President-elect Donald Trump tapped Alabama Sen. Jeff Sessions, left, for...

President-elect Donald Trump tapped Alabama Sen. Jeff Sessions, left, for attorney general and Kansas Rep. Mike Pompeo, right, for CIA director, an official announced Friday, Nov. 18, 2016. Credit: AP

President-elect Donald Trump announced three selections for key administration jobs Friday, setting the stage for a sharp shift from President Barack Obama’s policies.

Trump, a Republican, named U.S. Sen. Jeff Sessions (R-Ala.) to become attorney general, former military intelligence chief Michael Flynn as his national security adviser, and conservative Rep. Mike Pompeo (R-Kan.) to head the CIA. All three have been fierce critics of President Obama’s policies.

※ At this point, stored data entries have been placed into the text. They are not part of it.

lemma divisor_nonconstant:
  assumes "g \<in> P"
  shows "degree g \<ge> 1"
proof (rule ccontr)
  assume "\<not> degree g \<ge> 1"
  then obtain c where c: "g = [:c:]" by (metis degree_eq_zeroE less_one not_le)
  have "g dvd f" "irreducible g" using divisor_dvd divisor_irreducible assms by auto
  then have "\<forall>i. c dvd coeff f i" using c const_poly_dvd_iff by blast
  moreover obtain cc where "(\<Sum>i\<le>degree f. cc i * coeff f i) = 1"
    using primitive unfolding primitive_def by blast
  ultimately have "c dvd (\<Sum>i\<le>degree f. cc i * coeff f i)" by (intro dvd_sum) simp
  then have "c dvd 1" using \<open>(\<Sum>i\<le>degree f. cc i * coeff f i) = 1\<close> by simp
  then show False using \<open>irreducible g\<close> c by (simp add: is_unit_const_poly_iff irreducible_def)
qed

lemma divisor_prime: "g \<in> P \<Longrightarrow> prime_elem g"
  using prime_elem_if_irreducible[OF uniformizer divisor_irreducible divisor_nonconstant] by blast

lemma divisor_dvd_divisor:
  assumes "g \<in> P" "h \<in> P" "g dvd h"
  shows "g = h"
proof -
  obtain q where q: "h = g * q" using assms(3) by blast
  have irr: "irreducible h" "irreducible g" using assms divisor_irreducible by auto
  have "\<not> g dvd 1" using irr(2) by (simp add: irreducible_def)
  then have "q dvd 1" using irreducibleD[OF irr(1) q] by blast
  then obtain q' where "1 = q * q'" by blast
  then have "g = h * q'" using q by (simp add: mult.assoc)
  then have "h dvd g" by simp
  then show ?thesis using assms divisor_set by (simp add: irred_divisor_set_def)
qed

lemma divisor_not_dvd_const:
  assumes "g \<in> P" "c \<noteq> 0"
  shows "\<not> g dvd [:c:]"
proof
  assume "g dvd [:c:]"
  then have "degree g \<le> degree [:c:]" using assms(2) by (intro dvd_imp_degree_le) auto
  then show False using divisor_nonconstant[OF assms(1)] by simp
qed

lemma divisor_exponents_unique:
  assumes "smult c (\<Prod>h\<in>P. h ^ e h) = smult c' (\<Prod>h\<in>P. h ^ e' h)" "c \<noteq> 0" "c' \<noteq> 0" "g \<in> P"
  shows "e g = e' g"
  using prime_powers_exponents_unique[OF finite_divisors, of "[:c:]" "[:c':]" e e' g]
    divisor_prime divisor_dvd_divisor divisor_not_dvd_const assms by simp

lemma multiplicity_pos:
  assumes "g \<in> P"
  shows "m g > 0"
proof (rule ccontr)
  assume "\<not> m g > 0"
  then have "f = (\<Prod>h\<in>P - {g}. h ^ m h)"
    using factorization prod.remove[OF finite_divisors assms, of "\<lambda>h. h ^ m h"] by simp
  moreover have "\<not> g dvd (\<Prod>h\<in>P - {g}. h ^ m h)"
    using prime_elem_not_dvd_prod_powers[OF divisor_prime[OF assms]] finite_divisors
      divisor_dvd_divisor assms by blast
  ultimately show False using divisor_dvd[OF assms] by simp
qed

lemma divisor_poly_nonzero:
  assumes "poly f x \<noteq> 0" "g \<in> P"
  shows "poly g x \<noteq> 0"
  using assms divisor_dvd[OF assms(2)] by (auto elim!: dvdE)

lemma pexp_poly_f:
  assumes "poly f x \<noteq> 0"
  shows "pexp p (poly f x) = (\<Sum>g\<in>P. m g * pexp p (poly g x))"
proof -
  have "poly f x = (\<Prod>g\<in>P. poly g x ^ m g)" by (subst factorization) (simp add: poly_prod)
  then show ?thesis
    using divisor_poly_nonzero[OF assms] by (simp add: pexp_prod[OF uniformizer] pexp_power[OF uniformizer])
qed

lemma fixdiv_le_pexp: "poly f x \<noteq> 0 \<Longrightarrow> n \<le> pexp p (poly f x)"
  using fixdiv_val_le[of p f x] fixdiv by (simp add: val_def)

lemma witness_exists: "\<exists>w. poly f w \<noteq> 0 \<and> pexp p (poly f w) = n"
  using fixdiv_val_attained[OF fixdiv] by (auto simp: val_def split: if_splits)

lemma witnesses_iff: "x \<in> witnesses p f \<longleftrightarrow> poly f x \<noteq> 0 \<and> pexp p (poly f x) = n"
  using fixdiv by (simp add: witnesses_def val_def)

lemma fdk_of_int_witness_sum:
  assumes "(\<lambda>g. of_int (v g)) \<in> fdk p f P" "x \<in> witnesses p f"
  shows "(\<Sum>g\<in>P. v g * int (pexp p (poly g x))) = 0"
proof -
  have "(\<Sum>g\<in>P. of_int (v g) * of_nat (pexp p (poly g x))) = (0::rat)"
    using assms unfolding fdk_def by blast
  then have "of_int (\<Sum>g\<in>P. v g * int (pexp p (poly g x))) = (0::rat)" by simp
  then show ?thesis by (simp only: of_int_eq_0_iff)
qed

lemma poly_prod_shifted_powers_eq_0:
  assumes "poly f x = 0" and bound: "\<forall>g\<in>P. w g \<le> s * int (m g)" and "0 \<le> s"
    and K: "int (n + 1) * s \<le> int K" "K > 0"
  shows "poly (\<Prod>g\<in>P. g ^ nat (int K * int (m g) - w g)) x = 0"
proof -
  have "poly f x = (\<Prod>g\<in>P. poly g x ^ m g)" by (subst factorization) (simp add: poly_prod)
  then obtain g where g: "g \<in> P" "poly g x = 0"
    using assms(1) finite_divisors by (auto simp: prod_zero_iff)
  have "s < int K"
  proof (cases "s = 0")
    case False
    then have "2 * s \<le> int (n + 1) * s" using fixdiv_pos \<open>0 \<le> s\<close> by (intro mult_right_mono) auto
    then show ?thesis using K False \<open>0 \<le> s\<close> by linarith
  qed (use K in simp)
  then have "s * int (m g) < int K * int (m g)" using multiplicity_pos[OF g(1)] by simp
  moreover have "w g \<le> s * int (m g)" using bound g(1) by blast
  ultimately have "nat (int K * int (m g) - w g) > 0" by simp
  then have "poly (g ^ nat (int K * int (m g) - w g)) x = 0" using g(2) by simp
  then show ?thesis unfolding poly_prod using g(1) finite_divisors by (intro prod_zero) blast+
qed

The president-elect also will meet Saturday with Mitt Romney — the GOP’s 2012 presidential candidate and one of the party’s most vocal opponents of Trump in 2016. Trump aides wouldn’t address talk that the former Massachusetts governor could be appointed secretary of state, saying only that the meeting was to “hear his ideas and his thoughts.”

In his first selections to build an administration, Trump is rewarding Sessions and Flynn, two of his earliest loyalists in his campaign. Sessions was the first senator to endorse the New York real-estate mogul. The president-elect said it was an “honor” to nominate Sessions as the nation’s top law-enforcement officer.

“He is a world-class legal mind and considered a truly great attorney general and U.S. Attorney in the state of Alabama,” Trump said in a statement.

Sessions said: “My previous 15 years working in the Department of Justice were extraordinarily fulfilling. I love the department, its people and its mission. I can think of no greater honor than to lead them.”

Even with Republicans in control of the Senate, Sessions could face obstacles. He withdrew from consideration for a federal judgeship in 1986 after being accused of making racist comments while serving as a U.S. attorney in Alabama.

Former colleagues said that Sessions had called the NAACP and other civil rights groups “un-American” and said the Ku Klux Klan was OK “until I found out they smoked pot” — a remark he later said was a joke. In the end, the Republican-led Senate Judiciary Committee denied Sessions’ nomination.

Trump spokesman Jason Miller expressed confidence that Sessions would be approved by the U.S. Senate this time and, in response to a reporter’s questions about the 1986 nomination, cited a number of actions he thought bolster’s the senator’s record: voting for an extension of the Civil Rights Act, filing desegregation lawsuits while serving as Alabama attorney general, sponsoring legislation to award Rosa Parks the Congressional Gold Medal.

“So we feel very confident Senator Sessions has the background and the support to receive confirmation,” Miller said in a conference call.

Sessions, a proponent of tough immigration enforcement policies, has tangled with the past two Democratic-appointed attorneys general on whether terrorism suspects deserve the protections of American civilian courts and on the planned closure of the Guantanamo Bay detention facility.

Pompeo is a conservative Republican and a strong critic of Obama’s nuclear deal with Iran. A three-term congressman, he graduated from the United States Military Academy at West Point and from Harvard Law School.

Flynn was a critic of Obama’s military and foreign policy long before he began advising Trump on national security issues during the presidential campaign. As national security adviser, Flynn would work in the West Wing and have frequent access to the new president.

The 57-year-old has been outspoken in his warnings about the dangers of Islamist groups, saying the U.S. needs to “discredit” radical Islam. He’s called Islam a “political ideology” and said it “definitely hides behind being a religion.”

Flynn, like Trump, has worried some national security experts with his warmth toward Russia. Last year, Flynn traveled to Moscow to join Russian President Vladimir Putin at a celebration for RT, a television channel funded by the Russian government. Flynn said he had been paid for taking part in the event and brushed aside concerns that he was aiding a Russian propaganda effort.